#### [EXERCISE INPUTS]
########

(* With $\chi=1$ the trivial character, $\mathcal S^*(\mathcal O_1)^{\chi}=\mathcal S^*(\mathcal O_1)^{\chi,\infty}$; that is, every generalized $(G,\chi)$-invariant vector of $\mathcal S^*(\mathcal O_1)\otimes(|\det|\boxtimes|\det|^{-1})$ is $(G,\chi)$-invariant.
   Context: $F$ nonarchimedean local field of characteristic $0$, $G=G'=\mathrm{GL}_2(F)$ acting on $M_2:=M_{2\times2}(F)$, $\mathcal O_1$ the set of rank one matrices, $\mathcal S(\mathcal O_1)$ locally constant compactly supported functions on $\mathcal O_1$ with $((g_1,g_2)f)(M)=f(g_1^{-1}Mg_2)$, $\mathcal S^*(\mathcal O_1)$ its algebraic dual with contragredient action. For a character $\chi$ of $G$, $\mathcal S^*(\mathcal O_1)^\chi$ is the space of $G$-invariant vectors (first factor) in $\mathcal S^*(\mathcal O_1)\otimes(|\det|\boxtimes|\det|^{-1})\otimes\chi^{-1}$. A vector $v$ of a $G$-representation is generalized $\chi$-invariant if for some $k\ge0$, $(g_0-\chi(g_0))\cdots(g_k-\chi(g_k))v=0$ for all $g_0,\dots,g_k\in G$; $\mathcal S^*(\mathcal O_1)^{\chi,\infty}$ is the space of generalized $(G,\chi)$-invariant vectors in $\mathcal S^*(\mathcal O_1)\otimes(|\det|\boxtimes|\det|^{-1})$. *)

theory Defs
  imports "HOL-Analysis.Analysis"
begin

definition F_dist :: "('a::field \<Rightarrow> real) \<Rightarrow> 'a \<Rightarrow> 'a \<Rightarrow> real" where
  "F_dist absF x y = absF (x - y)"

definition integers_F :: "('a::field \<Rightarrow> real) \<Rightarrow> 'a set" where
  "integers_F absF = {x. absF x \<le> 1}"

definition residue_field_F :: "('a::field \<Rightarrow> real) \<Rightarrow> 'a set set" where
  "residue_field_F absF =
     integers_F absF // {(x, y). x \<in> integers_F absF \<and> y \<in> integers_F absF \<and> absF (x - y) < 1}"

text \<open>absF is the normalized absolute value of a nonarchimedean local field
  (of characteristic 0, which is enforced by the type class field_char_0):
  a nonarchimedean absolute value, discrete, complete, finite residue field of
  cardinality q, and normalized so that a uniformizer has absolute value 1/q.\<close>
definition nonarch_local_field :: "('a::field_char_0 \<Rightarrow> real) \<Rightarrow> bool" where
  "nonarch_local_field absF \<longleftrightarrow>
     (\<forall>x. 0 \<le> absF x) \<and> (\<forall>x. absF x = 0 \<longleftrightarrow> x = 0) \<and>
     (\<forall>x y. absF (x * y) = absF x * absF y) \<and>
     (\<forall>x y. absF (x + y) \<le> max (absF x) (absF y)) \<and>
     Metric_space.mcomplete (UNIV::'a set) (F_dist absF) \<and>
     finite (residue_field_F absF) \<and>
     (\<exists>p. 0 < absF p \<and> absF p < 1 \<and> (\<forall>x. absF x < 1 \<longrightarrow> absF x \<le> absF p) \<and>
          absF p = 1 / real (card (residue_field_F absF)))"

type_synonym 'a mat2 = "'a^2^2"

definition GL2 :: "'a::field mat2 set" where
  "GL2 = {g. det g \<noteq> 0}"

text \<open>For 2x2 matrices: rank one iff nonzero and singular.\<close>
definition O1 :: "'a::field mat2 set" where
  "O1 = {M. M \<noteq> 0 \<and> det M = 0}"

definition mat_dist :: "('a::field \<Rightarrow> real) \<Rightarrow> 'a mat2 \<Rightarrow> 'a mat2 \<Rightarrow> real" where
  "mat_dist absF M N = Max {absF (M $ i $ j - N $ i $ j) | i j. True}"

definition mat_topology :: "('a::field \<Rightarrow> real) \<Rightarrow> 'a mat2 topology" where
  "mat_topology absF = Metric_space.mtopology UNIV (mat_dist absF)"

text \<open>Functions on O_1 are represented as functions on M_2 vanishing outside O_1.\<close>
definition S_O1 :: "('a::field \<Rightarrow> real) \<Rightarrow> ('a mat2 \<Rightarrow> complex) set" where
  "S_O1 absF = {f.
     (\<forall>M. M \<notin> O1 \<longrightarrow> f M = 0) \<and>
     (\<forall>M\<in>O1. \<exists>r>0. \<forall>N\<in>O1. mat_dist absF M N < r \<longrightarrow> f N = f M) \<and>
     (\<exists>K. compactin (subtopology (mat_topology absF) O1) K \<and> {M \<in> O1. f M \<noteq> 0} \<subseteq> K)}"

text \<open>Algebraic dual: complex-linear functionals on S(O_1), extended by 0 outside.\<close>
definition S_dual :: "('a::field \<Rightarrow> real) \<Rightarrow> (('a mat2 \<Rightarrow> complex) \<Rightarrow> complex) set" where
  "S_dual absF = {l.
     (\<forall>f\<in>S_O1 absF. \<forall>h\<in>S_O1 absF. l (\<lambda>M. f M + h M) = l f + l h) \<and>
     (\<forall>f\<in>S_O1 absF. \<forall>c. l (\<lambda>M. c * f M) = c * l f) \<and>
     (\<forall>f. f \<notin> S_O1 absF \<longrightarrow> l f = 0)}"

text \<open>Action of g in G (first factor) on S^*(O_1) twisted by |det| (boxtimes |det|^-1):
  ((g,1) f)(M) = f(g^-1 M), contragredient (g l)(f) = l((g^-1,1) f) = l(M |-> f (g M)),
  times |det g|.\<close>
definition act :: "('a::field \<Rightarrow> real) \<Rightarrow> 'a mat2 \<Rightarrow> (('a mat2 \<Rightarrow> complex) \<Rightarrow> complex)
                    \<Rightarrow> (('a mat2 \<Rightarrow> complex) \<Rightarrow> complex)" where
  "act absF g l = (\<lambda>f. if f \<in> S_O1 absF
                        then complex_of_real (absF (det g)) * l (\<lambda>M. f (g ** M)) else 0)"

text \<open>(g - chi(g)) v with chi trivial.\<close>
definition act_minus_id :: "('a::field \<Rightarrow> real) \<Rightarrow> 'a mat2 \<Rightarrow> (('a mat2 \<Rightarrow> complex) \<Rightarrow> complex)
                    \<Rightarrow> (('a mat2 \<Rightarrow> complex) \<Rightarrow> complex)" where
  "act_minus_id absF g l = (\<lambda>f. act absF g l f - l f)"

definition gen_invariant :: "('a::field \<Rightarrow> real) \<Rightarrow> (('a mat2 \<Rightarrow> complex) \<Rightarrow> complex) \<Rightarrow> bool" where
  "gen_invariant absF l \<longleftrightarrow> l \<in> S_dual absF \<and>
     (\<exists>k::nat. \<forall>gs. length gs = Suc k \<and> set gs \<subseteq> GL2 \<longrightarrow>
         foldr (act_minus_id absF) gs l = (\<lambda>f. 0))"

definition invariant :: "('a::field \<Rightarrow> real) \<Rightarrow> (('a mat2 \<Rightarrow> complex) \<Rightarrow> complex) \<Rightarrow> bool" where
  "invariant absF l \<longleftrightarrow> l \<in> S_dual absF \<and> (\<forall>g\<in>GL2. act absF g l = l)"

end

theory Submission
  imports Defs
begin

text \<open>By induction on the depth of generalized invariance it suffices to show: if the
  differences \<open>\<phi> h = h\<cdot>l - l\<close> are all \<open>G\<close>-invariant, then \<open>l\<close> is invariant. Then
  \<open>\<phi> (g h) = \<phi> g + \<phi> h\<close>, so \<open>\<phi>\<close> is a homomorphism into an abelian group. Conjugating
  by \<open>diag(\<pi>, 1)\<close> shows that it kills the unipotent subgroups, hence \<open>SL\<^sub>2\<close>, so it only
  remains to see \<open>\<phi> (diag(1, t)) = 0\<close> for \<open>|t| = |\<pi>|\<close>. A rank one matrix \<open>M\<close> has a
  slope \<open>\<lambda>\<close> (second row \<open>= \<lambda> \<cdot>\<close> first row) in \<open>\<P>\<^sup>1(F) = \<O> \<union> w\<cdot>\<pi>\<O>\<close>. Cutting a test
  function along small residue discs of \<open>\<lambda>\<close> and translating by lower unipotents, each
  piece \<open>h\<close> is supported in \<open>|\<lambda>| \<le> |\<pi>|\<^sup>n\<^sup>+\<^sup>1\<close> and invariant under lower unipotents of that
  size. On such \<open>h\<close>, \<open>diag(1, t)\<close> acts as the sum of the \<open>q\<close> lower unipotent translates by
  \<open>\<pi>\<^sup>n r\<close>, \<open>r\<close> running through residue representatives, whence
  \<open>(diag(1, t)\<cdot>l) h = |t| q l h = l h\<close>.\<close>

locale nonarch_abs =
  fixes absF :: "'a::field \<Rightarrow> real"
  assumes abs_nonneg[simp]: "0 \<le> absF x"
    and abs_zero_iff[simp]: "absF x = 0 \<longleftrightarrow> x = 0"
    and abs_mult: "absF (x * y) = absF x * absF y"
    and abs_ultra: "absF (x + y) \<le> max (absF x) (absF y)"
begin

lemma abs_zero[simp]: "absF 0 = 0"
  by simp

lemma abs_pos: "x \<noteq> 0 \<Longrightarrow> 0 < absF x"
  using abs_nonneg[of x] abs_zero_iff[of x] by linarith

lemma abs_one[simp]: "absF 1 = 1"
  using abs_mult[of 1 1] abs_pos[of 1] by simp

lemma abs_minus_one[simp]: "absF (-1) = 1"
proof -
  have "absF (-1) ^ 2 = 1 ^ 2" using abs_mult[of "-1" "-1"] by (simp add: power2_eq_square)
  then show ?thesis using power2_eq_iff_nonneg[of "absF (-1)" 1] by simp
qed

lemma abs_uminus[simp]: "absF (- x) = absF x"
  using abs_mult[of "-1" x] by simp

lemma abs_diff_commute: "absF (x - y) = absF (y - x)"
  by (metis abs_uminus minus_diff_eq)

lemma abs_inverse: "absF (inverse x) = inverse (absF x)"
proof (cases "x = 0")
  case False
  then have "absF x * absF (inverse x) = 1" by (metis abs_mult right_inverse abs_one)
  then show ?thesis by (metis inverse_unique)
qed simp

lemma abs_divide: "absF (x / y) = absF x / absF y"
  by (simp add: divide_inverse abs_mult abs_inverse)

lemma abs_power: "absF (x ^ n) = absF x ^ n"
  by (induction n) (auto simp: abs_mult)

lemma abs_ultra_le: "absF x \<le> e \<Longrightarrow> absF y \<le> e \<Longrightarrow> absF (x + y) \<le> e"
  using abs_ultra[of x y] by linarith

lemma abs_ultra_less: "absF x < e \<Longrightarrow> absF y < e \<Longrightarrow> absF (x + y) < e"
  using abs_ultra[of x y] by linarith

lemma abs_ultra_diff_le: "absF x \<le> e \<Longrightarrow> absF y \<le> e \<Longrightarrow> absF (x - y) \<le> e"
  using abs_ultra_le[of x e "- y"] by simp

lemma abs_triangle: "absF (x + y) \<le> absF x + absF y"
  using abs_ultra[of x y] abs_nonneg[of x] abs_nonneg[of y] by linarith

lemma abs_isosceles: "absF y < absF x \<Longrightarrow> absF (x + y) = absF x"
proof -
  assume less: "absF y < absF x"
  have "absF (x + y) \<le> absF x" using abs_ultra[of x y] less by linarith
  moreover have "absF x \<le> max (absF (x + y)) (absF y)" using abs_ultra[of "x + y" "- y"] by simp
  ultimately show ?thesis using less by linarith
qed

lemma abs_isosceles_diff: "absF (x - y) < absF x \<Longrightarrow> absF y = absF x"
  using abs_isosceles[of "y - x" x] by (simp add: abs_diff_commute)

end

definition mk_mat2 :: "'a \<Rightarrow> 'a \<Rightarrow> 'a \<Rightarrow> 'a \<Rightarrow> 'a mat2" where
  "mk_mat2 a b c d = (\<chi> i j. if i = 1 then (if j = 1 then a else b) else (if j = 1 then c else d))"

lemma mk_mat2_nth[simp]:
  "mk_mat2 a b c d $ 1 $ 1 = a" "mk_mat2 a b c d $ 1 $ 2 = b"
  "mk_mat2 a b c d $ 2 $ 1 = c" "mk_mat2 a b c d $ 2 $ 2 = d"
  by (simp_all add: mk_mat2_def)

lemma mat2_eq_iff:
  "(M::'a mat2) = N \<longleftrightarrow> M$1$1 = N$1$1 \<and> M$1$2 = N$1$2 \<and> M$2$1 = N$2$1 \<and> M$2$2 = N$2$2"
  by (simp add: vec_eq_iff forall_2)

lemma mat2_zero_iff: "(M::'a::zero mat2) = 0 \<longleftrightarrow> M$1$1 = 0 \<and> M$1$2 = 0 \<and> M$2$1 = 0 \<and> M$2$2 = 0"
  by (simp add: mat2_eq_iff)

lemma mat2_mult_nth: "((A::'a::semiring_1 mat2) ** B) $ i $ j = A$i$1 * B$1$j + A$i$2 * B$2$j"
  by (simp add: matrix_matrix_mult_def sum_2)

lemma mk_mat2_mult:
  "mk_mat2 a b c d ** mk_mat2 a' b' c' d' =
    mk_mat2 (a*a' + b*c') (a*b' + b*d') (c*a' + d*c') (c*b' + d*d')"
  for a b c d :: "'a::semiring_1"
  by (simp add: mat2_eq_iff mat2_mult_nth)

lemma det_mat2: "det (M::'a::comm_ring_1 mat2) = M$1$1 * M$2$2 - M$1$2 * M$2$1"
  by (simp add: det_2)

lemma det_mk_mat2: "det (mk_mat2 a b c d) = a * d - b * (c::'a::comm_ring_1)"
  by (simp add: det_mat2)

lemma mat_one_eq_mk_mat2: "(mat 1 :: 'a::semiring_1 mat2) = mk_mat2 1 0 0 1"
  by (simp add: mat2_eq_iff mat_def)

definition mat2_inv :: "'a::field mat2 \<Rightarrow> 'a mat2" where
  "mat2_inv g = mk_mat2 (g$2$2 / det g) (- g$1$2 / det g) (- g$2$1 / det g) (g$1$1 / det g)"

lemma mat2_inv_left: "det g \<noteq> 0 \<Longrightarrow> mat2_inv g ** g = mat 1"
  unfolding mat_one_eq_mk_mat2 mat2_inv_def
  by (simp add: mat2_eq_iff mat2_mult_nth field_simps) (simp_all add: det_mat2 algebra_simps)

lemma det_mat2_inv_nonzero: "det g \<noteq> 0 \<Longrightarrow> det (mat2_inv g) \<noteq> 0"
  using mat2_inv_left[of g] det_mul[of "mat2_inv g" g] det_I[where 'a='a and 'n=2] by auto

lemma mat2_inv_cancel: "det g \<noteq> 0 \<Longrightarrow> mat2_inv g ** (g ** M) = M"
  by (simp add: matrix_mul_assoc mat2_inv_left)

lemma O1_left_mult_iff:
  fixes g M :: "'a::field mat2"
  assumes g: "det g \<noteq> 0"
  shows "g ** M \<in> O1 \<longleftrightarrow> M \<in> O1"
proof -
  have "g ** M = 0 \<longleftrightarrow> M = 0" using mat2_inv_cancel[OF g, of M] by auto
  then show ?thesis using g by (simp add: O1_def det_mul)
qed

########

#### [WHAT TO WORK ON]
Identify every line above with the string "linarith" in it. Copy those lines.

#### [TASK OUTPUT]
  using abs_nonneg[of x] abs_zero_iff[of x] by linarith
  using abs_ultra[of x y] by linarith
  using abs_ultra[of x y] by linarith
  using abs_ultra[of x y] abs_nonneg[of x] abs_nonneg[of y] by linarith
  have "absF (x + y) \<le> absF x" using abs_ultra[of x y] less by linarith
  ultimately show ?thesis using less by linarith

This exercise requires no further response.